**Task item**
Below are records; please set down exactly the lines from the first through the one containing "nat \<Rightarrow> nat".

Stored data entries:

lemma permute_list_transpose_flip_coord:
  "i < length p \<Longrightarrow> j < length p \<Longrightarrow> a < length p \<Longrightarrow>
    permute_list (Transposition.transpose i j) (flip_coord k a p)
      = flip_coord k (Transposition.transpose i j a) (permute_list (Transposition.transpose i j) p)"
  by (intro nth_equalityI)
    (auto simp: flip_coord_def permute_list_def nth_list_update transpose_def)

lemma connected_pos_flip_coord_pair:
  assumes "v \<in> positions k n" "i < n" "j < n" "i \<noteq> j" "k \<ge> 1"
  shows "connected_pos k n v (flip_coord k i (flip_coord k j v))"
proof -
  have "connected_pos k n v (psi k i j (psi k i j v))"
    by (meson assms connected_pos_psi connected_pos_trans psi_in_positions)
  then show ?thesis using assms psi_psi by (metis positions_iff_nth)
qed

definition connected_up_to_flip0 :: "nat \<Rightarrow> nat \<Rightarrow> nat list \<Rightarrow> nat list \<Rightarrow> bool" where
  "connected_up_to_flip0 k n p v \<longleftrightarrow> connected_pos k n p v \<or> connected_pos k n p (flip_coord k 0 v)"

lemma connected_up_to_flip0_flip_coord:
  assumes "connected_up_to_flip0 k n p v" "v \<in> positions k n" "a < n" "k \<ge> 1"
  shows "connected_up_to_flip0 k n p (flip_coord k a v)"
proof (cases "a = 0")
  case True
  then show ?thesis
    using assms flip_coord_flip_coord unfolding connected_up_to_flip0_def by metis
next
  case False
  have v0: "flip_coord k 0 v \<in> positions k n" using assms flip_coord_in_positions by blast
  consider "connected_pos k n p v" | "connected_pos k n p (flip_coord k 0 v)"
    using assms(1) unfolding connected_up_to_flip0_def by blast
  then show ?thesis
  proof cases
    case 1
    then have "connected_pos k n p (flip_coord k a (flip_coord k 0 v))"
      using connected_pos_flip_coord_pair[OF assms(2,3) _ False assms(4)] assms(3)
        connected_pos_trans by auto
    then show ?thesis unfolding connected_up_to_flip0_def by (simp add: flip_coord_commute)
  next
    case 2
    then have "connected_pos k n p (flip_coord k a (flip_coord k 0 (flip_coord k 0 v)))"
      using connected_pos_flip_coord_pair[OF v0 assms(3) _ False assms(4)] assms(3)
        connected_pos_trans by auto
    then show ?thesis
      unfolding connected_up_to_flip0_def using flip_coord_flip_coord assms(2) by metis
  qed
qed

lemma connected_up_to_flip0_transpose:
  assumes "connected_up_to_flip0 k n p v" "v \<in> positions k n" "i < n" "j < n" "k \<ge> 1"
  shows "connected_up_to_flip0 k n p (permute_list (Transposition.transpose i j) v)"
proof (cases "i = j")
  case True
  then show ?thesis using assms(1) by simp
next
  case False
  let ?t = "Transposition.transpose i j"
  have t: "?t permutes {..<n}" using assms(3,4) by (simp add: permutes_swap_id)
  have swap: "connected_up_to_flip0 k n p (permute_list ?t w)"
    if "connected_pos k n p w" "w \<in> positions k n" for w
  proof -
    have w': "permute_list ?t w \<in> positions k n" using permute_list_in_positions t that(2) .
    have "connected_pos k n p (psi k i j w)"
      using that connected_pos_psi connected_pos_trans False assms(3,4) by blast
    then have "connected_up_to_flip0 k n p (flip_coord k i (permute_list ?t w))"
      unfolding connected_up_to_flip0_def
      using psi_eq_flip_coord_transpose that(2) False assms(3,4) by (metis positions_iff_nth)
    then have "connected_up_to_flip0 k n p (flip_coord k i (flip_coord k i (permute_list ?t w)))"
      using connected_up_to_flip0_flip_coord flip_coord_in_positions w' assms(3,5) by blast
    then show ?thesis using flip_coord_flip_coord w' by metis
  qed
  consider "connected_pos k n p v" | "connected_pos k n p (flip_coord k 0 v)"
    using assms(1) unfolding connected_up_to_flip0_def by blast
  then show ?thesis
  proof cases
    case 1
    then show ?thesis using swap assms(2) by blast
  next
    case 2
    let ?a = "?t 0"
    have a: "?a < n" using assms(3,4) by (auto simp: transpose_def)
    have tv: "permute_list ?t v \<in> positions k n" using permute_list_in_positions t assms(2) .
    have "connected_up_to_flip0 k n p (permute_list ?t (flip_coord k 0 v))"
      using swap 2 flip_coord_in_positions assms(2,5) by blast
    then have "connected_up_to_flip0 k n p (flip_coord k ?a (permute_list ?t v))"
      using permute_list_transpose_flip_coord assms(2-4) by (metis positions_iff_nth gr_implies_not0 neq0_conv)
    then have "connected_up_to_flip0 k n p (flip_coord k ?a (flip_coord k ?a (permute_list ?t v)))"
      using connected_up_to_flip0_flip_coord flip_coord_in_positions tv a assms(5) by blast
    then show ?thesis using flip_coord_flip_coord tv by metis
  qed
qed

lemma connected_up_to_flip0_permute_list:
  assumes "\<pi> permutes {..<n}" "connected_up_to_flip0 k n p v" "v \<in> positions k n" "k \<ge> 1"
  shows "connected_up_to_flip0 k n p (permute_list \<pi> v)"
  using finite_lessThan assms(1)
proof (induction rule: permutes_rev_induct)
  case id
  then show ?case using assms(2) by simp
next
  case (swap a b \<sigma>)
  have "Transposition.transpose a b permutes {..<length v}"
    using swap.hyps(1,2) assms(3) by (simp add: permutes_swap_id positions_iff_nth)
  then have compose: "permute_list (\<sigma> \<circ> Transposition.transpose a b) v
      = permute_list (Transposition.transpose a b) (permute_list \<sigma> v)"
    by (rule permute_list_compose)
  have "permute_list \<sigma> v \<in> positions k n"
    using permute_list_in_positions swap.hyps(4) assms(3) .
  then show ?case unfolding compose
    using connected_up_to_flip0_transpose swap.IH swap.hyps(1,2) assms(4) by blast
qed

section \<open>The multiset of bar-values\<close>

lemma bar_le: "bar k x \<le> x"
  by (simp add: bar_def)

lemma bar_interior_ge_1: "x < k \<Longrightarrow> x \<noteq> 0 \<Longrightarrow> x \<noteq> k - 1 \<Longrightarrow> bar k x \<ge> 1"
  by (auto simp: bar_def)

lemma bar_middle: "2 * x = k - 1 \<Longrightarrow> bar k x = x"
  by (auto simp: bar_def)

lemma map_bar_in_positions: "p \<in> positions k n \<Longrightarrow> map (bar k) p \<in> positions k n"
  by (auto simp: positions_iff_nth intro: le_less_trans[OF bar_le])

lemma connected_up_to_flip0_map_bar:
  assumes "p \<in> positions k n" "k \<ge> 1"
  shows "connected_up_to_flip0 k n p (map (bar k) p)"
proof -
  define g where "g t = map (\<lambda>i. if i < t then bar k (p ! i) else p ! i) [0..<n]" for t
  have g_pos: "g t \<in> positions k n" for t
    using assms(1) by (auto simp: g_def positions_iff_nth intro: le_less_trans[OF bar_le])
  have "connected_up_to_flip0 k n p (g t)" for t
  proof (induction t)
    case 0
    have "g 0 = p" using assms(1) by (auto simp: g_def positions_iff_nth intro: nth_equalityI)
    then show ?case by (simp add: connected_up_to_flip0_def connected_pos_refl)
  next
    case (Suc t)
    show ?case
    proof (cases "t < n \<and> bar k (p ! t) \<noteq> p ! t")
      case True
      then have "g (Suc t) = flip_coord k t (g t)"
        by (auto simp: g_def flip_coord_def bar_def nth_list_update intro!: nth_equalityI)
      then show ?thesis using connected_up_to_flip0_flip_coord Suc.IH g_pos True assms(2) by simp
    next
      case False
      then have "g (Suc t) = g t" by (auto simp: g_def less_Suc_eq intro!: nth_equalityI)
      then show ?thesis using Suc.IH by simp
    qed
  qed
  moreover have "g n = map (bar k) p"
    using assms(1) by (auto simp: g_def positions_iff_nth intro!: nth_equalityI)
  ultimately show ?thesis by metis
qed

**Written answer**
lemma permute_list_transpose_flip_coord:
  "i < length p \<Longrightarrow> j < length p \<Longrightarrow> a < length p \<Longrightarrow>
    permute_list (Transposition.transpose i j) (flip_coord k a p)
      = flip_coord k (Transposition.transpose i j a) (permute_list (Transposition.transpose i j) p)"
  by (intro nth_equalityI)
    (auto simp: flip_coord_def permute_list_def nth_list_update transpose_def)

lemma connected_pos_flip_coord_pair:
  assumes "v \<in> positions k n" "i < n" "j < n" "i \<noteq> j" "k \<ge> 1"
  shows "connected_pos k n v (flip_coord k i (flip_coord k j v))"
proof -
  have "connected_pos k n v (psi k i j (psi k i j v))"
    by (meson assms connected_pos_psi connected_pos_trans psi_in_positions)
  then show ?thesis using assms psi_psi by (metis positions_iff_nth)
qed

definition connected_up_to_flip0 :: "nat \<Rightarrow> nat \<Rightarrow> nat list \<Rightarrow> nat list \<Rightarrow> bool" where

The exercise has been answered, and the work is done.